Exercise goal >> With the records below as your source, retype each line exactly from the top down to the line that contains "- \<epsilon> - \<beta>", and include that line.

Input data >>
lemma first_exit_stopped_sum_ge:
  fixes x u w :: "nat \<Rightarrow> real"
  assumes q: "0 < q" "q < 1" and "0 \<le> \<beta>" "x 0 \<le> \<epsilon>" "\<epsilon> < \<Theta>"
    and rec: "\<And>t. t \<in> {1..n} \<Longrightarrow> x t \<le> q * x (t - 1) + u t"
    and drift: "\<And>s. s \<in> {1..n} \<Longrightarrow> \<forall>j<s. x j < q ^ j * \<Theta> \<Longrightarrow> w s \<le> \<beta>"
    and exit: "t \<in> {1..n}" "q ^ t * \<Theta> \<le> x t"
  shows "\<Theta> - \<epsilon> - \<beta> / (q ^ n * (1 - q))
           \<le> (\<Sum>s=1..n. if \<forall>j<s. x j < q ^ j * \<Theta> then (u s - w s) / q ^ s else 0)"
proof -
  have "x 0 < q ^ 0 * \<Theta>"
    using assms(4,5) by simp
  then obtain \<tau> where "0 < \<tau>" "\<tau> \<le> t" "q ^ \<tau> * \<Theta> \<le> x \<tau>"
    and running_iff: "\<And>s. (\<forall>j<s. x j < q ^ j * \<Theta>) \<longleftrightarrow> s \<le> \<tau>"
    using exit(2) by (rule first_exit_time) blast
  with exit(1) have \<tau>: "0 < \<tau>" "\<tau> \<le> n" "q ^ \<tau> * \<Theta> \<le> x \<tau>"
    by auto
  have "\<Theta> \<le> x \<tau> / q ^ \<tau>"
    using \<tau>(3) q by (simp add: pos_le_divide_eq mult.commute)
  also have "\<dots> \<le> \<epsilon> + (\<Sum>s=1..\<tau>. u s / q ^ s)"
    using rescaled_recursion_telescope[where x = x and u = u, OF q(1) rec \<tau>(2)] \<open>x 0 \<le> \<epsilon>\<close> by simp
  finally have u_sum: "\<Theta> - \<epsilon> \<le> (\<Sum>s=1..\<tau>. u s / q ^ s)"
    by simp
  have "(\<Sum>s=1..\<tau>. w s / q ^ s) \<le> (\<Sum>s=1..\<tau>. \<beta> * (1 / q ^ s))"
    using drift running_iff \<tau>(2) q by (intro sum_mono) (simp add: divide_right_mono)
  also have "\<dots> \<le> \<beta> * (1 / (q ^ \<tau> * (1 - q)))"
    unfolding sum_distrib_left[symmetric]
    by (intro mult_left_mono sum_inverse_powers_le q \<open>0 \<le> \<beta>\<close>)
  also have "\<dots> \<le> \<beta> * (1 / (q ^ n * (1 - q)))"
    using q \<tau>(2) \<open>0 \<le> \<beta>\<close>
    by (intro mult_left_mono divide_left_mono mult_right_mono power_decreasing) auto
  finally have w_sum: "(\<Sum>s=1..\<tau>. w s / q ^ s) \<le> \<beta> / (q ^ n * (1 - q))"
    by simp
  have "(\<Sum>s=1..n. if \<forall>j<s. x j < q ^ j * \<Theta> then (u s - w s) / q ^ s else 0)
      = (\<Sum>s\<in>{1..n} \<inter> {..\<tau>}. (u s - w s) / q ^ s)"
    unfolding running_iff sum.inter_restrict[OF finite_atLeastAtMost] by (simp add: atMost_def)
  also have "{1..n} \<inter> {..\<tau>} = {1..\<tau>}"
    using \<tau>(2) by auto
  finally show ?thesis
    using u_sum w_sum by (simp add: diff_divide_distrib sum_subtractf)
qed

lemma (in sigma_finite_subalgebra) real_cond_exp_indicator_mult:
  assumes "A \<in> sets F" "integrable M f"
  shows "AE x in M. real_cond_exp M F (\<lambda>x. indicator A x * f x) x = indicator A x * real_cond_exp M F f x"
proof (rule real_cond_exp_mult)
  have "A \<in> sets M"
    using assms(1) subalg by (auto simp: subalgebra_def)
  then show "integrable M (\<lambda>x. indicator A x * f x)"
    using integrable_mult_indicator[OF _ assms(2)] by simp
qed (use assms in auto)

locale contracting_recursion = filtered_prob_space M F for M :: "'a measure" and F +
  fixes X U :: "nat \<Rightarrow> 'a \<Rightarrow> real" and n :: nat and q \<Theta> \<beta> \<kappa> :: real
  assumes contraction: "0 < q" "q < 1"
    and \<Theta>_nonneg: "0 \<le> \<Theta>" and \<beta>_nonneg: "0 \<le> \<beta>" and \<kappa>_pos: "0 < \<kappa>"
    and X_adapted: "\<And>k. k \<le> n \<Longrightarrow> X k \<in> borel_measurable (F k)"
    and U_adapted: "\<And>s. s \<in> {1..n} \<Longrightarrow> U s \<in> borel_measurable (F s)"
    and U_int: "\<And>s. s \<in> {1..n} \<Longrightarrow> integrable M (U s)"
    and recursion: "\<And>s. s \<in> {1..n} \<Longrightarrow> AE \<omega> in M. X s \<omega> \<le> q * X (s - 1) \<omega> + U s \<omega>"
    and drift: "\<And>s. s \<in> {1..n} \<Longrightarrow>
      AE \<omega> in M. X (s - 1) \<omega> \<le> \<Theta> \<longrightarrow> real_cond_exp M (F (s - 1)) (U s) \<omega> \<le> \<beta>"
    and increment_bounded: "\<And>s. s \<in> {1..n} \<Longrightarrow>
      AE \<omega> in M. X (s - 1) \<omega> \<le> \<Theta> \<longrightarrow> \<bar>U s \<omega>\<bar> \<le> \<kappa>"
begin

definition running :: "nat \<Rightarrow> 'a set" where
  "running s = {\<omega> \<in> space M. \<forall>j<s. X j \<omega> < q ^ j * \<Theta>}"

definition stopped_increment :: "nat \<Rightarrow> 'a \<Rightarrow> real" where
  "stopped_increment s \<omega> = indicator (running s) \<omega> * (U s \<omega> / q ^ s)"

lemma below_barrier_le_\<Theta>: "x < q ^ j * \<Theta> \<Longrightarrow> x \<le> \<Theta>"
  using contraction \<Theta>_nonneg mult_left_le_one_le[of \<Theta> "q ^ j"] power_le_one[of q j] by simp

lemma sets_running: "s \<in> {1..n} \<Longrightarrow> running s \<in> sets (F (s - 1))"
proof -
  assume s: "s \<in> {1..n}"
  have "running s = {\<omega> \<in> space (F (s - 1)). \<forall>j\<in>{..<s}. X j \<omega> < q ^ j * \<Theta>}"
    by (auto simp: running_def)
  also have "\<dots> \<in> sets (F (s - 1))"
  proof (rule sets.sets_Collect_finite_All)
    fix j assume "j \<in> {..<s}"
    then have [measurable]: "X j \<in> borel_measurable (F (s - 1))"
      using s by (intro measurable_F_mono[OF X_adapted]) auto
    show "{\<omega> \<in> space (F (s - 1)). X j \<omega> < q ^ j * \<Theta>} \<in> sets (F (s - 1))"
      by measurable
  qed simp
  finally show ?thesis .
qed

lemma stopped_increment_adapted: "s \<in> {1..n} \<Longrightarrow> stopped_increment s \<in> borel_measurable (F s)"
proof -
  assume s: "s \<in> {1..n}"
  have [measurable]: "running s \<in> sets (F s)" "U s \<in> borel_measurable (F s)"
    using sets_running[OF s] sets_F_mono[of "s - 1" s] U_adapted[OF s] by auto
  show ?thesis
    unfolding stopped_increment_def by measurable
qed

lemma stopped_increment_bounded:
  assumes "s \<in> {1..n}"
  shows "AE \<omega> in M. \<bar>stopped_increment s \<omega>\<bar> \<le> \<kappa> / q ^ s"
  using increment_bounded[OF assms]
proof eventually_elim
  case (elim \<omega>)
  have "X (s - 1) \<omega> \<le> \<Theta>" if "\<omega> \<in> running s"
  proof (rule below_barrier_le_\<Theta>)
    show "X (s - 1) \<omega> < q ^ (s - 1) * \<Theta>"
      using that assms by (auto simp: running_def)
  qed
  then show ?case
    using elim contraction \<kappa>_pos
    by (auto simp: stopped_increment_def abs_mult divide_right_mono split: split_indicator)
qed
lemma ent_subadditive:
  assumes "0 \<le> a" "0 \<le> b"
  shows "ent (a + b) \<le> ent a + ent b"
proof -
  have "a * ln a \<le> a * ln (a + b)" if "0 \<le> a" "0 \<le> b" for a b :: real
    using that by (cases "a = 0") (auto intro: mult_left_mono)
  from this[of a b] this[of b a] assms show ?thesis
    by (simp add: ent_def algebra_simps)
qed

lemma ent_split_lower:
  assumes "0 \<le> a" "0 \<le> b" "0 < l" "l < 1"
  shows "ent a + ent b + a * ln (1 - l) + b * ln l \<le> ent (a + b)"
proof (cases "a + b = 0")
  case True
  hence "a = 0" "b = 0" using assms by simp_all
  thus ?thesis by simp
next
  case False
  hence s: "0 < a + b" using assms by simp
  have "ent a \<le> (1 - l) * (a + b) - a - a * ln ((1 - l) * (a + b))"
    using assms s by (intro ent_le_tangent) auto
  moreover have "ent b \<le> l * (a + b) - b - b * ln (l * (a + b))"
    using assms s by (intro ent_le_tangent) auto
  moreover have "ln ((1 - l) * (a + b)) = ln (1 - l) + ln (a + b)"
    and "ln (l * (a + b)) = ln l + ln (a + b)"
    using assms s by (simp_all add: ln_mult)
  ultimately show ?thesis by (simp add: ent_def algebra_simps)
qed

lemma sum_ent_mix:
  assumes "\<And>i. 0 \<le> c i" "\<And>i. 0 \<le> u i" "\<And>i. 0 \<le> v i" "0 < l" "l < 1"
  shows "(\<Sum>i\<in>F. ent (c i + u i)) - (\<Sum>i\<in>F. ent (c i + v i))
           \<le> (\<Sum>i\<in>F. ent (u i)) - (\<Sum>i\<in>F. ent (v i)) - sum c F * ln (1 - l) - sum v F * ln l"
proof -
  have "(\<Sum>i\<in>F. ent (c i + u i) - ent (c i + v i))
          \<le> (\<Sum>i\<in>F. ent (u i) - ent (v i) - c i * ln (1 - l) - v i * ln l)"
  proof (rule sum_mono)
    fix i
    have "ent (c i + u i) \<le> ent (c i) + ent (u i)"
      using assms by (intro ent_subadditive) auto
    moreover have "ent (c i) + ent (v i) + c i * ln (1 - l) + v i * ln l \<le> ent (c i + v i)"
      using assms by (intro ent_split_lower) auto
    ultimately show "ent (c i + u i) - ent (c i + v i)
                       \<le> ent (u i) - ent (v i) - c i * ln (1 - l) - v i * ln l" by linarith
  qed
  thus ?thesis by (simp add: sum_subtractf sum_distrib_right)
qed

lemma sum_ent_le_card:
  assumes "finite S" "\<And>i. i \<in> S \<Longrightarrow> 0 \<le> a i" "0 < sum a S"
  shows "(\<Sum>i\<in>S. ent (a i)) \<le> sum a S * ln (card S / sum a S)"
proof -
  define \<sigma> where "\<sigma> = sum a S"
  define n where "n = real (card S)"
  have "S \<noteq> {}" using assms(3) by auto
  hence n: "0 < n" using assms(1) by (simp add: n_def card_gt_0_iff)
  have \<sigma>: "0 < \<sigma>" using assms(3) by (simp add: \<sigma>_def)
  have "(\<Sum>i\<in>S. ent (a i)) \<le> (\<Sum>i\<in>S. \<sigma> / n - a i - a i * ln (\<sigma> / n))"
    using assms(2) \<sigma> n by (intro sum_mono ent_le_tangent) auto
  also have "\<dots> = n * (\<sigma> / n) - \<sigma> - \<sigma> * ln (\<sigma> / n)"
    by (simp add: sum_subtractf sum_distrib_right n_def \<sigma>_def)
  also have "\<dots> = \<sigma> * ln (n / \<sigma>)"
    using n \<sigma> by (simp add: ln_div algebra_simps)
  finally show ?thesis by (simp add: \<sigma>_def n_def)
qed

lemma sum_ent_plus_point_le:
  assumes "finite S" "\<And>i. i \<in> S \<Longrightarrow> 0 \<le> a i" "0 \<le> b" "0 < sum a S + b"
  shows "(\<Sum>i\<in>S. ent (a i)) + ent b
           \<le> (sum a S + b) * ln (real (card S + 1) / (sum a S + b))"
proof -
  define S' where "S' = insert None (Some ` S)"
  define a' where "a' = case_option b a"
  have "card S' = card S + 1" "sum a' S' = sum a S + b"
       "(\<Sum>j\<in>S'. ent (a' j)) = (\<Sum>i\<in>S. ent (a i)) + ent b"
    using assms(1) by (simp_all add: S'_def a'_def card_image sum.reindex)
  moreover have "(\<Sum>j\<in>S'. ent (a' j)) \<le> sum a' S' * ln (card S' / sum a' S')"
    using assms unfolding S'_def a'_def by (intro sum_ent_le_card) (auto simp: sum.reindex)
  ultimately show ?thesis by simp
qed

lemma sum_ent_ge_small:
  assumes "\<And>i. i \<in> S \<Longrightarrow> 0 \<le> a i \<and> a i \<le> \<eta>" "0 < \<eta>"
  shows "- sum a S * ln \<eta> \<le> (\<Sum>i\<in>S. ent (a i))"
proof -
  have "(\<Sum>i\<in>S. - a i * ln \<eta>) \<le> (\<Sum>i\<in>S. ent (a i))"
    using assms by (intro sum_mono ent_ge_small) auto
  thus ?thesis by (simp add: sum_distrib_right sum_negf)
qed

(* The bound delta ln K' + h(delta) is monotone in K' and, as long as eta <= K (1 - eta),
   i.e. below the maximiser K / (K + 1), also in delta. *)
lemma entropy_bound_mono:
  assumes "0 < \<delta>" "\<delta> \<le> \<eta>" "\<eta> < 1" "0 < K'" "K' \<le> K" "\<eta> \<le> K * (1 - \<eta>)"
  shows "\<delta> * ln K' + bin_entropy \<delta> \<le> \<eta> * ln K + bin_entropy \<eta>"
proof -
  have "\<delta> * ln K' \<le> \<delta> * ln K"
    using assms by (intro mult_left_mono) auto
  moreover
  have "ent \<delta> \<le> \<eta> - \<delta> - \<delta> * ln \<eta>"
    using assms by (intro ent_le_tangent) auto
  moreover have "ent (1 - \<delta>) \<le> (1 - \<eta>) - (1 - \<delta>) - (1 - \<delta>) * ln (1 - \<eta>)"
    using assms by (intro ent_le_tangent) auto
  moreover have "(\<eta> - \<delta>) * ln \<eta> \<le> (\<eta> - \<delta>) * (ln K + ln (1 - \<eta>))"
  proof -
    have "ln \<eta> \<le> ln (K * (1 - \<eta>))" using assms by (subst ln_le_cancel_iff) auto
    thus ?thesis using assms by (intro mult_left_mono) (simp_all add: ln_mult)
  qed
  ultimately show ?thesis by (simp add: bin_entropy_ent ent_def algebra_simps)
qed

(* Two nonnegative mass functions p, q on a finite set F: p has total mass 1, while q
   misses a mass T located elsewhere (the tail of Y), with total variation distance
   delta, pointwise distance at most eta on F, and T <= eta. *)
locale truncated_pmf_pair =
  fixes F :: "'a set" and p q :: "'a \<Rightarrow> real" and T \<delta> \<eta> :: real
  assumes finite_F: "finite F"
    and p_nonneg: "\<And>i. 0 \<le> p i" and q_nonneg: "\<And>i. 0 \<le> q i"
    and sum_p: "sum p F = 1" and sum_q: "sum q F + T = 1"
    and sum_dist: "(\<Sum>i\<in>F. \<bar>p i - q i\<bar>) + T = 2 * \<delta>"
    and \<delta>_pos: "0 < \<delta>" and \<delta>_less_1: "\<delta> < 1"
    and dist_le: "\<And>i. i \<in> F \<Longrightarrow> \<bar>p i - q i\<bar> \<le> \<eta>"
    and \<eta>_pos: "0 < \<eta>" and T_nonneg: "0 \<le> T" and T_le: "T \<le> \<eta>"
begin

definition common :: "'a \<Rightarrow> real" where "common i = min (p i) (q i)"
definition exc_p :: "'a \<Rightarrow> real" where "exc_p i = p i - common i"
definition exc_q :: "'a \<Rightarrow> real" where "exc_q i = q i - common i"
definition supp_p :: "'a set" where "supp_p = {i \<in> F. q i < p i}"
definition supp_q :: "'a set" where "supp_q = {i \<in> F. p i < q i}"

lemma common_plus_exc: "common i + exc_p i = p i" "common i + exc_q i = q i"
  by (simp_all add: exc_p_def exc_q_def)

lemma exc_nonneg: "0 \<le> common i" "0 \<le> exc_p i" "0 \<le> exc_q i"
  using p_nonneg[of i] q_nonneg[of i] by (auto simp: common_def exc_p_def exc_q_def)

lemma exc_le: "i \<in> F \<Longrightarrow> exc_p i \<le> \<eta>" "i \<in> F \<Longrightarrow> exc_q i \<le> \<eta>"
  using dist_le[of i] by (auto simp: common_def exc_p_def exc_q_def)

lemma exc_masses: "sum exc_p F = \<delta>" "sum exc_q F = \<delta> - T" "sum common F = 1 - \<delta>"
proof -
  have sum_abs: "exc_p i + exc_q i = \<bar>p i - q i\<bar>" and diff: "exc_p i - exc_q i = p i - q i" for i
    by (auto simp: common_def exc_p_def exc_q_def)
  have "sum exc_p F + sum exc_q F = 2 * \<delta> - T"
    using sum_dist by (simp add: sum_abs[symmetric] sum.distrib)
  moreover have "sum exc_p F - sum exc_q F = T"
    using sum_p sum_q by (simp add: sum_subtractf[symmetric] diff sum_subtractf)
  ultimately show p: "sum exc_p F = \<delta>" and "sum exc_q F = \<delta> - T" by linarith+
  show "sum common F = 1 - \<delta>"
    using sum_p p by (simp add: exc_p_def sum_subtractf)
qed

lemma sum_over_supports:
  assumes "g 0 = 0"
  shows "(\<Sum>i\<in>F. g (exc_p i)) = (\<Sum>i\<in>supp_p. g (exc_p i))"
    and "(\<Sum>i\<in>F. g (exc_q i)) = (\<Sum>i\<in>supp_q. g (exc_q i))"
proof -
  have "exc_p i = 0" if "i \<notin> supp_p" "i \<in> F" for i
    using that by (auto simp: supp_p_def exc_p_def common_def)
  moreover have "exc_q i = 0" if "i \<notin> supp_q" "i \<in> F" for i
    using that by (auto simp: supp_q_def exc_q_def common_def)
  moreover have "supp_p \<subseteq> F" "supp_q \<subseteq> F"
    by (auto simp: supp_p_def supp_q_def)
  ultimately show "(\<Sum>i\<in>F. g (exc_p i)) = (\<Sum>i\<in>supp_p. g (exc_p i))"
    and "(\<Sum>i\<in>F. g (exc_q i)) = (\<Sum>i\<in>supp_q. g (exc_q i))"
    using assms finite_F by (auto intro!: sum.mono_neutral_right)
qed

(* The two supports are disjoint subsets of F. *)
lemma card_supports: "card supp_p + card supp_q \<le> card F"
proof -
  have "card supp_p + card supp_q = card (supp_p \<union> supp_q)"
    using finite_F by (intro card_Un_disjoint[symmetric]) (auto simp: supp_p_def supp_q_def)
  also have "\<dots> \<le> card F"
    using finite_F by (intro card_mono) (auto simp: supp_p_def supp_q_def)
  finally show ?thesis .
qed

(* Since each excess is at most eta, its support must be large enough to carry it. *)
lemma tv_le_card_supports:
  "\<delta> \<le> card supp_p * \<eta>" "\<delta> \<le> (card supp_q + 1) * \<eta>"
proof -
  have "sum exc_p supp_p \<le> card supp_p * \<eta>" "sum exc_q supp_q \<le> card supp_q * \<eta>"
    using sum_bounded_above[of supp_p exc_p \<eta>] sum_bounded_above[of supp_q exc_q \<eta>] exc_le
    by (auto simp: supp_p_def supp_q_def)
  thus "\<delta> \<le> card supp_p * \<eta>" "\<delta> \<le> (card supp_q + 1) * \<eta>"
    using exc_masses sum_over_supports[of id] T_le by (auto simp: algebra_simps)
qed

(* Entropy of the excesses: bounded below pointwise and above by maximum entropy; for q
   the tail mass T is adjoined as one extra point. *)
lemma exc_ent_bounds:
  "- \<delta> * ln \<eta> \<le> (\<Sum>i\<in>F. ent (exc_p i))"
  "(\<Sum>i\<in>F. ent (exc_p i)) \<le> \<delta> * ln (card supp_p / \<delta>)"
  "- (\<delta> - T) * ln \<eta> \<le> (\<Sum>i\<in>F. ent (exc_q i))"
  "(\<Sum>i\<in>F. ent (exc_q i)) \<le> \<delta> * ln (real (card supp_q + 1) / \<delta>)"
proof -
  have sums: "sum exc_p supp_p = \<delta>" "sum exc_q supp_q = \<delta> - T"
    using exc_masses sum_over_supports[of id] by simp_all
  have fin: "finite supp_p" "finite supp_q"
    using finite_F by (simp_all add: supp_p_def supp_q_def)
  show "- \<delta> * ln \<eta> \<le> (\<Sum>i\<in>F. ent (exc_p i))"
       "- (\<delta> - T) * ln \<eta> \<le> (\<Sum>i\<in>F. ent (exc_q i))"
    using sum_ent_ge_small[of F exc_p \<eta>] sum_ent_ge_small[of F exc_q \<eta>]
      exc_nonneg exc_le \<eta>_pos exc_masses by auto
  show "(\<Sum>i\<in>F. ent (exc_p i)) \<le> \<delta> * ln (card supp_p / \<delta>)"
    using sum_ent_le_card[OF fin(1), of exc_p] exc_nonneg \<delta>_pos
    by (simp add: sums sum_over_supports)
  have "0 \<le> sum q F" using q_nonneg by (simp add: sum_nonneg)
  hence "T \<le> 1" using sum_q by linarith
  hence "0 \<le> ent T" using T_nonneg by (rule ent_nonneg[rotated])
  moreover have "(\<Sum>i\<in>supp_q. ent (exc_q i)) + ent T
                   \<le> \<delta> * ln (real (card supp_q + 1) / \<delta>)"
    using sum_ent_plus_point_le[OF fin(2), of exc_q T] exc_nonneg T_nonneg \<delta>_pos
    by (simp add: sums)
  ultimately show "(\<Sum>i\<in>F. ent (exc_q i)) \<le> \<delta> * ln (real (card supp_q + 1) / \<delta>)"
    by (simp add: sum_over_supports)
qed

lemma entropy_diff_upper:
  "(\<Sum>i\<in>F. ent (q i)) - (\<Sum>i\<in>F. ent (p i))
     \<le> \<delta> * ln ((card supp_q + 1) * \<eta> / \<delta>) + bin_entropy \<delta>"
proof -
  have "(\<Sum>i\<in>F. ent (q i)) - (\<Sum>i\<in>F. ent (p i))
          \<le> (\<Sum>i\<in>F. ent (exc_q i)) - (\<Sum>i\<in>F. ent (exc_p i)) + bin_entropy \<delta>"
    using sum_ent_mix[of common exc_q exc_p \<delta> F] exc_nonneg \<delta>_pos \<delta>_less_1
    by (simp add: common_plus_exc exc_masses bin_entropy_def)
  also have "\<dots> \<le> \<delta> * (ln (real (card supp_q + 1) / \<delta>) + ln \<eta>) + bin_entropy \<delta>"
    using exc_ent_bounds(1,4) by (simp add: algebra_simps)
  also have "\<dots> = \<delta> * ln ((card supp_q + 1) * \<eta> / \<delta>) + bin_entropy \<delta>"
    using \<delta>_pos \<eta>_pos by (simp add: ln_mult ln_div)
  finally show ?thesis .
qed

Written reply >>
lemma first_exit_stopped_sum_ge:
  fixes x u w :: "nat \<Rightarrow> real"
  assumes q: "0 < q" "q < 1" and "0 \<le> \<beta>" "x 0 \<le> \<epsilon>" "\<epsilon> < \<Theta>"
    and rec: "\<And>t. t \<in> {1..n} \<Longrightarrow> x t \<le> q * x (t - 1) + u t"
    and drift: "\<And>s. s \<in> {1..n} \<Longrightarrow> \<forall>j<s. x j < q ^ j * \<Theta> \<Longrightarrow> w s \<le> \<beta>"
    and exit: "t \<in> {1..n}" "q ^ t * \<Theta> \<le> x t"
  shows "\<Theta> - \<epsilon> - \<beta> / (q ^ n * (1 - q))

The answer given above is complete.